* [Assigned task]:
Each line from the one containing "theory Defs" through the last line of the data below is to be written out verbatim, and nothing more.

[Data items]
(* Let $E$ be a real Hilbert space with $\dim(E)\ge 2$, let $h\in E$ be a unit vector, and let $f:\mathbb{R}_{\ge0}\to\mathbb{R}_{\ge0}$ satisfy $f(d)>0$ if and only if $d>0$. Define $C_f=\{x\in E\mid f(\|x_\perp\|)\le x_h\}$ and the relation $x\preceq_f y \iff y-x\in C_f$ on $E$. (a) If $\dim(E)\ge 3$, then $(E,\preceq_f)$ is a cc sponge if and only if the relation $\preceq_f$ is topologically closed (as a subset of $E\times E$) and $f$ is square-superadditive. (b) If $\dim(E)=2$ and the relation $\preceq_f$ is topologically closed, then $(E,\preceq_f)$ is a cc sponge if and only if $f$ is superadditive.
   Context: For $x\in E$ write $x=x_h h+x_\perp$ with $x_h=(x,h)\in\mathbb{R}$ and $x_\perp$ orthogonal to $h$. An orientation on a set $S$ is a reflexive, antisymmetric binary relation $\preceq$. For $P,Q\subseteq S$, $P\preceq Q$ means $p\preceq q$ for all $p\in P,q\in Q$. $P$ is right-bounded if $P\preceq\{s\}$ for some $s\in S$. An element $x$ is the join of $P$ if $P\preceq\{x\}$ and for all $y\in S$ with $P\preceq\{y\}$ we have $x\preceq y$. An oriented set $(S,\preceq)$ is a conditionally complete sponge (cc sponge) if every nonempty right-bounded subset of $S$ has a join. A function $f:\mathbb{R}_{\ge0}\to\mathbb{R}_{\ge0}$ is superadditive if $f(x+y)\ge f(x)+f(y)$ for all $x,y\ge0$, and square-superadditive if $f(\sqrt{x^2+y^2})\ge f(x)+f(y)$ for all $x,y\ge 0$. *)

theory Defs
  imports "HOL-Analysis.Analysis"
begin

definition orientation :: "('a \<Rightarrow> 'a \<Rightarrow> bool) \<Rightarrow> bool" where
  "orientation le \<longleftrightarrow> (\<forall>x. le x x) \<and> (\<forall>x y. le x y \<and> le y x \<longrightarrow> x = y)"

definition set_le :: "('a \<Rightarrow> 'a \<Rightarrow> bool) \<Rightarrow> 'a set \<Rightarrow> 'a set \<Rightarrow> bool" where
  "set_le le P Q \<longleftrightarrow> (\<forall>p\<in>P. \<forall>q\<in>Q. le p q)"

definition right_bounded :: "('a \<Rightarrow> 'a \<Rightarrow> bool) \<Rightarrow> 'a set \<Rightarrow> bool" where
  "right_bounded le P \<longleftrightarrow> (\<exists>s. set_le le P {s})"

definition is_join :: "('a \<Rightarrow> 'a \<Rightarrow> bool) \<Rightarrow> 'a set \<Rightarrow> 'a \<Rightarrow> bool" where
  "is_join le P x \<longleftrightarrow> set_le le P {x} \<and> (\<forall>y. set_le le P {y} \<longrightarrow> le x y)"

* [Answer space]:
theory Defs
  imports "HOL-Analysis.Analysis"
begin

definition orientation :: "('a \<Rightarrow> 'a \<Rightarrow> bool) \<Rightarrow> bool" where
  "orientation le \<longleftrightarrow> (\<forall>x. le x x) \<and> (\<forall>x y. le x y \<and> le y x \<longrightarrow> x = y)"

definition set_le :: "('a \<Rightarrow> 'a \<Rightarrow> bool) \<Rightarrow> 'a set \<Rightarrow> 'a set \<Rightarrow> bool" where
  "set_le le P Q \<longleftrightarrow> (\<forall>p\<in>P. \<forall>q\<in>Q. le p q)"

definition right_bounded :: "('a \<Rightarrow> 'a \<Rightarrow> bool) \<Rightarrow> 'a set \<Rightarrow> bool" where
  "right_bounded le P \<longleftrightarrow> (\<exists>s. set_le le P {s})"

definition is_join :: "('a \<Rightarrow> 'a \<Rightarrow> bool) \<Rightarrow> 'a set \<Rightarrow> 'a \<Rightarrow> bool" where
  "is_join le P x \<longleftrightarrow> set_le le P {x} \<and> (\<forall>y. set_le le P {y} \<longrightarrow> le x y)"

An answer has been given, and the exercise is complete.